THE efficacy of zidovudine in prolonging the survival of patients with the acquired immunodeficiency syndrome (AIDS) or AIDS-related complex was first reported in 1987.1 Subsequent clinical trials examined the efficacy of zidovudine in early human immunodeficiency virus (HIV) infection but used the development of AIDS, rather than death, as the primary outcome measure.2 , 3 Our own observations in the Multicenter AIDS Cohort Study strongly support the findings that zidovudine slows the progression to AIDS and that prophylaxis against Pneumocystis carinii pneumonia (PCP) also reduces the incidence of PCP among persons taking zidovudine.4

In an observational study of patients with AIDS in Maryland, zidovudine users had a median survival of 690 days, as compared with 280 days for patients who had never used zidovudine.5 In Australia, patients with AIDS who received zidovudine had a median survival of 124 weeks, as compared with 44 weeks for historical controls who never received the drug.6 Although the available experimental1 and observational5 , 6 evidence shows clearly that zidovudine prolongs survival in patients with AIDS, it is not clear whether giving the drug earlier in the course of infection (i.e., before the development of AIDS) prolongs survival in addition to prolonging the time until AIDS develops.2 3 4 Data from the Veterans Affairs Cooperative Zidovudine Study have raised doubts about the efficacy of early zidovudine use in prolonging survival.7 In the Veterans Affairs trial, 338 patients with CD4+ lymphocyte counts of 0.2 to 0.5 cells ×10⁹ per liter (200 to 500 per cubic millimeter) were randomly assigned to early zidovudine therapy (at the beginning of the study) or later treatment (when the CD4+ lymphocyte count fell below 0.2 cells ×l0⁹ per liter).
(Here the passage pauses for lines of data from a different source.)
(* Write N = floor (sqrt X).  Up to complex conjugation, g_sq_hat w X theta is 2 Re S with
   S = sum_{t <= N} t w(t^2/X) e(theta t^2).  Since w is Lipschitz on [0,1], the weights
   t w(t^2/X) have total variation at most N K / 2 with K depending only on w, so partial
   summation gives M <= N with |sum_{t <= M} e(theta t^2)| >= eta N for eta = delta / K.
   Weyl differencing then yields at least eta^2 N / 2 shifts |h| < M with
   ||2 h theta|| <= 8 / (eta^2 N).  Take a Dirichlet approximation |2 k theta - a| < 2/Q with
   k <= Q ~ eta^4 N^2: every block of k consecutive h contains O(1 + k / (eta^2 N)) such
   shifts, which forces k << eta^(-2), and q = 2k has ||q theta|| < 2/Q << delta^(-4) / X. *)

section \<open>The character e and the distance to the nearest integer\<close>

lemma e_add: "e (x + y) = e x * e y"
  unfolding e_def by (simp add: distrib_left cis_mult)

lemma e_of_int [simp]: "e (of_int n) = 1"
  unfolding e_def by (rule cis_multiple_2pi) simp

lemma norm_e [simp]: "norm (e x) = 1"
  unfolding e_def by simp

lemma cnj_e: "cnj (e x) = e (- x)"
  unfolding e_def by (simp add: cis_cnj)

lemma e_power: "e x ^ n = e (real n * x)"
proof (induction n)
  case 0
  then show ?case by (simp add: e_def)
next
  case (Suc n)
  then show ?case by (simp add: e_add[symmetric] algebra_simps)
qed

lemma dist_Z_le: "dist_Z x \<le> \<bar>x - of_int m\<bar>"
  unfolding dist_Z_def by (rule cINF_lower) (auto intro: bdd_belowI[where m=0])

lemma dist_Z_eq_round: "dist_Z x = \<bar>x - of_int (round x)\<bar>"
proof (rule antisym)
  show "\<bar>x - of_int (round x)\<bar> \<le> dist_Z x"
    unfolding dist_Z_def by (rule cINF_greatest) (auto intro: round_diff_minimal)
qed (rule dist_Z_le)

lemma abs_sin_ge:
  fixes t :: real
  assumes t: "\<bar>t\<bar> \<le> 2"
  shows "\<bar>t\<bar> / 3 \<le> \<bar>sin t\<bar>"
proof -
  have "\<bar>sin t - t\<bar> \<le> \<bar>t\<bar> ^ 3 / 6"
    using Maclaurin_sin_bound[of t 3] by (simp add: sin_coeff_def numeral_eq_Suc fact_numeral)
  moreover have "\<bar>t\<bar> ^ 3 \<le> 4 * \<bar>t\<bar>"
    using mult_right_mono[of "\<bar>t\<bar>^2" 4 "\<bar>t\<bar>"] t abs_square_le_1[of "t/2"]
    by (simp add: power2_eq_square power3_eq_cube abs_le_square_iff)
  ultimately show ?thesis by linarith
qed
After two years of follow-up, the early-treatment group had significantly fewer AIDS-defining events than the late-treatment group (25 vs. 44, P = 0.02), but no significant differences in numbers of deaths (23 vs. 19).7 The small numbers of outcomes, the use of high-dose treatment regimens (1500 mg per day), and alterations to the protocol during the study suggest that these mortality data may not reflect the true treatment effect in persons taking zidovudine at currently recommended doses (500 mg per day). Nonetheless, further data are urgently needed to elucidate the effect of early therapy on survival in HIV-infected patients. Several clinical trials, including the Concorde trial of zidovudine in Europe8 and the continuation of AIDS Clinical Trials Group protocols 019 and 016 in patients with more than 0.5 CD4+ cells × 10⁹ per liter, may not provide data from controlled trials to address this issue for several years.
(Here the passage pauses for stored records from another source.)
(* Let $\Psi$ be a marked $A_3$ simplicial complex satisfying CCCC. (iii.a) If $v,u_1,w,u_2$ is an embedded closed edge path in $\Psi$ with $v$ of type $\hat b$, $u_1,u_2$ of type $\hat c$ and $w$ of type $\hat a$, then $v$ and $w$ are joined by an edge and $\{v,u_1,w\}$ and $\{v,w,u_2\}$ are $2$-simplices of $\Psi$. (iii.b) The same holds with the types $\hat a$ and $\hat c$ interchanged.
   Context: Let $\Delta$ be the spherical triangle with vertices labelled $\hat a,\hat b,\hat c$, with angle $\pi/3$ at $\hat a$ and $\hat c$ and angle $\pi/2$ at $\hat b$. A marked $A_3$ simplicial complex is a homogeneous $2$-dimensional simplicial complex $\Psi$ in which each $2$-simplex $\sigma$ has an isomorphism $m_\sigma:\sigma\to\Delta$ such that $m_\sigma(x)=m_{\sigma'}(x)$ for all $x\in\sigma\cap\sigma'$; a vertex has type $\hat a,\hat b,\hat c$ according to the label of its image under any marking. $\Psi$ satisfies CCCC if: (1) the link of every vertex of type $\hat a$ or $\hat c$ has girth at least $6$; (2) the link of every vertex of type $\hat b$ is a complete bipartite graph containing an embedded $4$-cycle; (3) (i) every embedded closed edge path $w_1,u_1,w_2,u_2$ with $w_1,w_2$ of type $\hat a$ and $u_1,u_2$ of type $\hat c$ is filled by a vertex $v$ of type $\hat b$ such that $\{v,w_1,u_1\},\{v,u_1,w_2\},\{v,w_2,u_2\},\{v,u_2,w_1\}$ are $2$-simplices; (ii.a) every embedded closed edge path of length $6$ alternating between types $\hat a$ and $\hat b$ is filled by a vertex of type $\hat c$ forming a $2$-simplex with each of its six edges; (ii.b) the same with $\hat a$ and $\hat c$ interchanged. *)

theory Defs
  imports Main
begin

datatype vtype = TA | TB | TC

text \<open>A homogeneous 2-dimensional simplicial complex is given by its set \<open>T\<close> of
  2-simplices (3-element vertex sets); all other simplices are faces of these.
  A marking (compatible isomorphisms of every 2-simplex to the model triangle
  \<open>\<Delta>\<close>) is the same as a type function on vertices that is a bijection of every
  2-simplex onto the three labels.\<close>
definition marked_A3 :: "'v set set \<Rightarrow> ('v \<Rightarrow> vtype) \<Rightarrow> bool" where
  "marked_A3 T tp \<longleftrightarrow> (\<forall>\<sigma>\<in>T. finite \<sigma> \<and> card \<sigma> = 3 \<and> tp ` \<sigma> = UNIV)"

definition edge :: "'v set set \<Rightarrow> 'v \<Rightarrow> 'v \<Rightarrow> bool" where
  "edge T x y \<longleftrightarrow> x \<noteq> y \<and> (\<exists>\<sigma>\<in>T. x \<in> \<sigma> \<and> y \<in> \<sigma>)"

definition link_adj :: "'v set set \<Rightarrow> 'v \<Rightarrow> 'v \<Rightarrow> 'v \<Rightarrow> bool" where
  "link_adj T x y z \<longleftrightarrow> y \<noteq> z \<and> {x, y, z} \<in> T"

definition closed_path :: "('v \<Rightarrow> 'v \<Rightarrow> bool) \<Rightarrow> 'v list \<Rightarrow> bool" where
  "closed_path adj xs \<longleftrightarrow> distinct xs \<and> length xs \<ge> 3 \<and>
     (\<forall>i < length xs. adj (xs ! i) (xs ! ((i + 1) mod length xs)))"

definition girth_ge :: "('v \<Rightarrow> 'v \<Rightarrow> bool) \<Rightarrow> nat \<Rightarrow> bool" where
  "girth_ge adj n \<longleftrightarrow> (\<forall>xs. closed_path adj xs \<longrightarrow> length xs \<ge> n)"

definition complete_bipartite_link :: "'v set set \<Rightarrow> 'v \<Rightarrow> bool" where
  "complete_bipartite_link T x \<longleftrightarrow>
     (\<exists>P Q. P \<inter> Q = {} \<and> P \<union> Q = {y. edge T x y} \<and>
        (\<forall>y z. link_adj T x y z \<longleftrightarrow> (y \<in> P \<and> z \<in> Q \<or> y \<in> Q \<and> z \<in> P)))"

definition CCCC :: "'v set set \<Rightarrow> ('v \<Rightarrow> vtype) \<Rightarrow> bool" where
  "CCCC T tp \<longleftrightarrow>
    \<comment> \<open>(1)\<close>
    (\<forall>x\<in>\<Union>T. tp x \<in> {TA, TC} \<longrightarrow> girth_ge (link_adj T x) 6) \<and>
    \<comment> \<open>(2)\<close>
    (\<forall>x\<in>\<Union>T. tp x = TB \<longrightarrow> complete_bipartite_link T x \<and>
        (\<exists>xs. closed_path (link_adj T x) xs \<and> length xs = 4)) \<and>
    \<comment> \<open>(3)(i)\<close>
    (\<forall>w1 u1 w2 u2. closed_path (edge T) [w1, u1, w2, u2] \<and>
        tp w1 = TA \<and> tp w2 = TA \<and> tp u1 = TC \<and> tp u2 = TC \<longrightarrow>
        (\<exists>v. tp v = TB \<and> {v, w1, u1} \<in> T \<and> {v, u1, w2} \<in> T \<and>
             {v, w2, u2} \<in> T \<and> {v, u2, w1} \<in> T)) \<and>
    \<comment> \<open>(3)(ii.a)\<close>
    (\<forall>xs. closed_path (edge T) xs \<and> length xs = 6 \<and>
        (\<forall>i<6. tp (xs ! i) \<in> {TA, TB} \<and> tp (xs ! i) \<noteq> tp (xs ! ((i + 1) mod 6))) \<longrightarrow>
        (\<exists>v. tp v = TC \<and> (\<forall>i<6. {v, xs ! i, xs ! ((i + 1) mod 6)} \<in> T))) \<and>
    \<comment> \<open>(3)(ii.b)\<close>
    (\<forall>xs. closed_path (edge T) xs \<and> length xs = 6 \<and>
        (\<forall>i<6. tp (xs ! i) \<in> {TC, TB} \<and> tp (xs ! i) \<noteq> tp (xs ! ((i + 1) mod 6))) \<longrightarrow>
        (\<exists>v. tp v = TA \<and> (\<forall>i<6. {v, xs ! i, xs ! ((i + 1) mod 6)} \<in> T)))"

end

theory Submission
  imports Defs
begin

text \<open>The edges \<open>v u\<^sub>1\<close> and
  \<open>v u\<^sub>2\<close> lie in triangles with third vertices \<open>a\<^sub>1, a\<^sub>2\<close> of the type of \<open>w\<close>; since the
  link of \<open>v\<close> is complete bipartite and \<open>a\<^sub>1, a\<^sub>2\<close> are not adjacent in it, \<open>a\<^sub>1\<close> is
  adjacent to \<open>u\<^sub>2\<close> too, so \<open>a := a\<^sub>1\<close> spans triangles with \<open>v u\<^sub>1\<close> and \<open>v u\<^sub>2\<close>.
  If \<open>a \<noteq> w\<close>, the square \<open>w, u\<^sub>1, a, u\<^sub>2\<close> is filled by some \<open>v'\<close> of type \<open>\<hat>b\<close>, and
  \<open>v, u\<^sub>1, v', u\<^sub>2\<close> is a closed path in the link of \<open>a\<close>; as that link has girth at
  least 6, the path degenerates, i.e. \<open>v' = v\<close>, which gives the two triangles at \<open>w\<close>.\<close>

lemma closed_path_4:
  "closed_path adj [a, b, c, d] \<longleftrightarrow>
     distinct [a, b, c, d] \<and> adj a b \<and> adj b c \<and> adj c d \<and> adj d a"
proof -
  have "(\<forall>i<4. Q i) \<longleftrightarrow> Q 0 \<and> Q 1 \<and> Q 2 \<and> Q (3::nat)" for Q
    by (auto simp: less_Suc_eq eval_nat_numeral)
  moreover have "length [a, b, c, d] = 4"
    by simp
  ultimately show ?thesis
    unfolding closed_path_def by (simp only:) simp
qed

lemma edge_sym: "edge T x y \<Longrightarrow> edge T y x"
  unfolding edge_def by blast

lemma edge_if_simplex: "{x, y, z} \<in> T \<Longrightarrow> x \<noteq> y \<Longrightarrow> edge T x y"
  unfolding edge_def by blast

lemma marked_A3_simplex_types_distinct:
  assumes "marked_A3 T tp" and "{x, y, z} \<in> T"
  shows "tp x \<noteq> tp y" and "tp y \<noteq> tp z" and "tp x \<noteq> tp z"
proof -
  have types: "{tp x, tp y, tp z} = UNIV"
    using assms unfolding marked_A3_def by auto
  have "TA \<in> {tp x, tp y, tp z}" "TB \<in> {tp x, tp y, tp z}" "TC \<in> {tp x, tp y, tp z}"
    by (simp_all only: types UNIV_I)
  then show "tp x \<noteq> tp y" and "tp y \<noteq> tp z" and "tp x \<noteq> tp z"
    by (cases "tp x"; cases "tp y"; cases "tp z"; auto)+
qed

lemma marked_A3_edge_in_simplex_of_type:
  assumes marked: "marked_A3 T tp" and "edge T x y"
    and "t \<noteq> tp x" and "t \<noteq> tp y"
  shows "\<exists>z. tp z = t \<and> {x, y, z} \<in> T"
proof -
  obtain \<sigma> where \<sigma>: "\<sigma> \<in> T" "x \<in> \<sigma>" "y \<in> \<sigma>" and "x \<noteq> y"
    using \<open>edge T x y\<close> unfolding edge_def by blast
  have "finite \<sigma>" "card \<sigma> = 3" "tp ` \<sigma> = UNIV"
    using marked \<sigma> unfolding marked_A3_def by auto
  then obtain z where z: "z \<in> \<sigma>" "tp z = t"
    by (metis UNIV_I imageE)
  have "z \<noteq> x" "z \<noteq> y"
    using z assms(3,4) by auto
  with \<open>x \<noteq> y\<close> have "card {x, y, z} = 3"
    by simp
  with \<sigma> z \<open>finite \<sigma>\<close> \<open>card \<sigma> = 3\<close> have "{x, y, z} = \<sigma>"
    by (metis card_subset_eq empty_subsetI insert_subset)
  with \<sigma> z show ?thesis
    by auto
qed

lemma complete_bipartite_link_adj_transfer:
  assumes "complete_bipartite_link T x"
    and "link_adj T x y z" and "link_adj T x y' z'" and "\<not> link_adj T x y y'"
  shows "link_adj T x y z'"
proof -
  obtain P Q where "\<forall>y z. link_adj T x y z \<longleftrightarrow> (y \<in> P \<and> z \<in> Q \<or> y \<in> Q \<and> z \<in> P)"
    using assms(1) unfolding complete_bipartite_link_def by blast
  with assms(2-4) show ?thesis
    by blast
qed

lemma girth_6_link_square_degenerate:
  assumes "marked_A3 T tp" and "girth_ge (link_adj T a) 6"
    and "{a, p, q} \<in> T" "{a, q, p'} \<in> T" "{a, p', q'} \<in> T" "{a, q', p} \<in> T"
  shows "p = p' \<or> q = q'"
proof (rule ccontr)
  have "p \<noteq> q" "q \<noteq> p'" "p' \<noteq> q'" "q' \<noteq> p"
    using assms(3-6) marked_A3_simplex_types_distinct[OF assms(1)] by metis+
  moreover assume "\<not> (p = p' \<or> q = q')"
  ultimately have "closed_path (link_adj T a) [p, q, p', q']"
    using assms(3-6) unfolding closed_path_4 link_adj_def by auto
  with assms(2) show False
    unfolding girth_ge_def by fastforce
qed

lemma CCCC_link_girth:
  "CCCC T tp \<Longrightarrow> x \<in> \<Union>T \<Longrightarrow> tp x \<noteq> TB \<Longrightarrow> girth_ge (link_adj T x) 6"
  unfolding CCCC_def by (cases "tp x") auto

lemma CCCC_link_complete_bipartite:
  "CCCC T tp \<Longrightarrow> x \<in> \<Union>T \<Longrightarrow> tp x = TB \<Longrightarrow> complete_bipartite_link T x"
  unfolding CCCC_def by auto

lemma CCCC_square_filled:
  assumes "CCCC T tp" and square: "closed_path (edge T) [w1, u1, w2, u2]"
    and "{tp w1, tp u1} = {TA, TC}" and "tp w2 = tp w1" and "tp u2 = tp u1"
  shows "\<exists>v. tp v = TB \<and> {v, w1, u1} \<in> T \<and> {v, u1, w2} \<in> T \<and> {v, w2, u2} \<in> T \<and> {v, u2, w1} \<in> T"
proof -
  have fill: "\<exists>v. tp v = TB \<and> {v, x1, y1} \<in> T \<and> {v, y1, x2} \<in> T \<and> {v, x2, y2} \<in> T \<and> {v, y2, x1} \<in> T"
    if "closed_path (edge T) [x1, y1, x2, y2]"
      and "tp x1 = TA" "tp x2 = TA" "tp y1 = TC" "tp y2 = TC" for x1 y1 x2 y2
    using assms(1) that unfolding CCCC_def by blast
  have "tp w1 = TA \<and> tp u1 = TC \<or> tp w1 = TC \<and> tp u1 = TA"
    using assms(3) by (auto simp: doubleton_eq_iff)
  then show ?thesis
  proof
    assume "tp w1 = TA \<and> tp u1 = TC"
    then show ?thesis
      using fill[OF square] assms(4,5) by simp
  next
    assume "tp w1 = TC \<and> tp u1 = TA"
    moreover have "closed_path (edge T) [u1, w2, u2, w1]"
      using square unfolding closed_path_4 by auto
    ultimately show ?thesis
      using fill[of u1 w2 u2 w1] assms(4,5) by auto
  qed
qed

lemma CCCC_link_common_neighbour:
  assumes marked: "marked_A3 T tp" and cccc: "CCCC T tp"
    and "tp v = TB" and "edge T v u1" "edge T v u2"
    and "tp u1 = \<gamma>" "tp u2 = \<gamma>" and "\<alpha> \<noteq> TB" "\<alpha> \<noteq> \<gamma>"
  shows "\<exists>a. tp a = \<alpha> \<and> {v, u1, a} \<in> T \<and> {v, a, u2} \<in> T"
proof -
  obtain a where "tp a = \<alpha>" and vu1a: "{v, u1, a} \<in> T"
    using marked_A3_edge_in_simplex_of_type[OF marked \<open>edge T v u1\<close>] assms(3,6,8,9)
    by metis
  obtain a' where "tp a' = \<alpha>" and "{v, u2, a'} \<in> T"
    using marked_A3_edge_in_simplex_of_type[OF marked \<open>edge T v u2\<close>] assms(3,7,8,9)
    by metis
  have "v \<in> \<Union>T"
    using vu1a by blast
  then have "complete_bipartite_link T v"
    using CCCC_link_complete_bipartite[OF cccc] \<open>tp v = TB\<close> by blast
  moreover have "link_adj T v a u1" "link_adj T v a' u2"
    using vu1a \<open>{v, u2, a'} \<in> T\<close> \<open>tp a = \<alpha>\<close> \<open>tp a' = \<alpha>\<close> assms(6,7,9)
    by (auto simp: link_adj_def insert_commute)
  moreover have "\<not> link_adj T v a a'"
    using marked_A3_simplex_types_distinct[OF marked] \<open>tp a = \<alpha>\<close> \<open>tp a' = \<alpha>\<close>
    unfolding link_adj_def by metis
  ultimately have "link_adj T v a u2"
    by (rule complete_bipartite_link_adj_transfer)
  with \<open>tp a = \<alpha>\<close> vu1a show ?thesis
    unfolding link_adj_def by blast
qed

lemma CCCC_square_through_b_vertex:
  assumes marked: "marked_A3 T tp" and cccc: "CCCC T tp"
    and types: "{\<alpha>, \<gamma>} = {TA, TC}"
    and square: "closed_path (edge T) [v, u1, w, u2]"
    and "tp v = TB" "tp u1 = \<gamma>" "tp u2 = \<gamma>" "tp w = \<alpha>"
  shows "edge T v w \<and> {v, u1, w} \<in> T \<and> {v, w, u2} \<in> T"
proof -
  have "\<alpha> \<noteq> TB" "\<alpha> \<noteq> \<gamma>"
    using types by (auto simp: doubleton_eq_iff)
  have distinct: "distinct [v, u1, w, u2]" and "edge T v u1" "edge T u1 w" "edge T w u2" "edge T u2 v"
    using square unfolding closed_path_4 by auto
  then obtain a where "tp a = \<alpha>" and vu1a: "{v, u1, a} \<in> T" and vau2: "{v, a, u2} \<in> T"
    using CCCC_link_common_neighbour[OF marked cccc] edge_sym assms(5-7) \<open>\<alpha> \<noteq> TB\<close> \<open>\<alpha> \<noteq> \<gamma>\<close>
    by metis
  have "{v, u1, w} \<in> T \<and> {v, w, u2} \<in> T"
  proof (cases "w = a")
    case True
    with vu1a vau2 show ?thesis
      by simp
  next
    case False
    have "u1 \<noteq> a" "a \<noteq> u2"
      using \<open>tp a = \<alpha>\<close> assms(6,7) \<open>\<alpha> \<noteq> \<gamma>\<close> by auto
    moreover have "{u1, a, v} \<in> T" "{a, u2, v} \<in> T"
      using vu1a vau2 by (simp_all add: insert_commute)
    ultimately have "edge T u1 a" "edge T a u2"
      by (simp_all add: edge_if_simplex)
    with False distinct \<open>edge T u1 w\<close> \<open>edge T w u2\<close> \<open>u1 \<noteq> a\<close> \<open>a \<noteq> u2\<close>
    have "closed_path (edge T) [w, u1, a, u2]"
      unfolding closed_path_4 by (auto intro: edge_sym)
    moreover have "{tp w, tp u1} = {TA, TC}" "tp a = tp w" "tp u2 = tp u1"
      using types \<open>tp a = \<alpha>\<close> assms(6-8) by simp_all
    ultimately obtain v' where
      v': "{v', w, u1} \<in> T" "{v', u1, a} \<in> T" "{v', a, u2} \<in> T" "{v', u2, w} \<in> T"
      using CCCC_square_filled[OF cccc] by blast
    have "a \<in> \<Union>T"
      using vu1a by blast
    then have "girth_ge (link_adj T a) 6"
      using CCCC_link_girth[OF cccc] \<open>tp a = \<alpha>\<close> \<open>\<alpha> \<noteq> TB\<close> by blast
    then have "v = v' \<or> u1 = u2"
      using girth_6_link_square_degenerate[OF marked, of a v u1 v' u2] vu1a vau2 v'
      by (simp add: insert_commute)
    with distinct have "v' = v"
      by auto
    with v' show ?thesis
      by (simp add: insert_commute)
  qed
  moreover have "v \<noteq> w"
    using distinct by simp
  ultimately show ?thesis
    using edge_if_simplex[of v w u2 T] by simp
qed

theorem lemma5p6:
  fixes T :: "'v set set" and tp :: "'v \<Rightarrow> vtype"
  assumes "marked_A3 T tp" and "CCCC T tp"
  shows "(\<forall>v u1 w u2. closed_path (edge T) [v, u1, w, u2] \<and>
            tp v = TB \<and> tp u1 = TC \<and> tp u2 = TC \<and> tp w = TA \<longrightarrow>
            edge T v w \<and> {v, u1, w} \<in> T \<and> {v, w, u2} \<in> T) \<and>
         (\<forall>v u1 w u2. closed_path (edge T) [v, u1, w, u2] \<and>
            tp v = TB \<and> tp u1 = TA \<and> tp u2 = TA \<and> tp w = TC \<longrightarrow>
            edge T v w \<and> {v, u1, w} \<in> T \<and> {v, w, u2} \<in> T)"
proof -
  have "{TA, TC} = {TA, TC}" and "{TC, TA} = {TA, TC}"
    by auto
  then show ?thesis
    using CCCC_square_through_b_vertex[OF assms] by blast
qed

end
To study this question, we carried out an analysis of mortality in the Multicenter AIDS Cohort Study.9 The relative risks of death after 6, 12, 18, and 24 months of follow-up were compared in participants who started zidovudine therapy (with or without PCP prophylaxis) before the development of AIDS and in those who did not start to take zidovudine before AIDS developed. These analyses have the advantage of including a large number of outcome events and a large, well-characterized study population representing the spectrum of HIV infection and disease. Since treatment is not randomly assigned in observational prospective studies, selection bias can confound inferences about treatment effects. Care has been taken to minimize potential effects of selection and participation bias.4

Methods

Study Population

The Multicenter AIDS Cohort Study is a prospective study of the natural history of HIV infection among homosexual and bisexual men in the United States. From April 1984 through March 1985, 4954 homosexual and bisexual men were enrolled in four metropolitan areas — Chicago, Pittsburgh, Los Angeles, and the area including Baltimore and Washington, D.C. Men who had been given a diagnosis of AIDS before the time of enrollment in 1984 and those under 18 years of age were excluded from the study. From April 1987 through December 1990, an additional 587 men were recruited to increase representation from ethnic and racial minority groups; these men were included in the analysis. The participants returned for semiannual follow-up visits, at each of which they completed a study questionnaire, underwent a physical examination, and had blood drawn for hematologic, serologic, and virologic studies. Details of the study design and methods have been described elsewhere.9 , 10 Of the 4954 men enrolled into the study in 1984 and 1985, 1809 (36.5 percent) were seropositive for HIV type 1 (HIV-1) at entry, and 393 (7.9 percent) who were seronegative at entry became HIV-1—seropositive by April 1991 (i.e., they seroconverted within the first seven years of follow-up). Among the 587 later recruits, 353 (60.1 percent) were seropositive at entry, and 13 (2.2 percent) seroconverted by April 1991. HIV-1 seropositivity was determined by enzyme-linked immunosorbent assay and confirmed with Western blot testing. This analysis included all men seropositive for HIV-1 at entry and those who seroconverted before the time of the visit used as a base line in this study and who had not contracted AIDS or died by the time of their sixth study visit (visit 6).

The analysis was restricted to the period beginning with study visit 6 (October 1986 through March 1987). This period was chosen because previously zidovudine was unavailable, and no participants in the study reported its use until visit 6. In addition, the selection of this starting time for the study minimized the effect of any secular trends in survival time in the patients not taking zidovudine. Deaths and diagnoses of AIDS from October 1, 1986, through April 1, 1991, were included in the study.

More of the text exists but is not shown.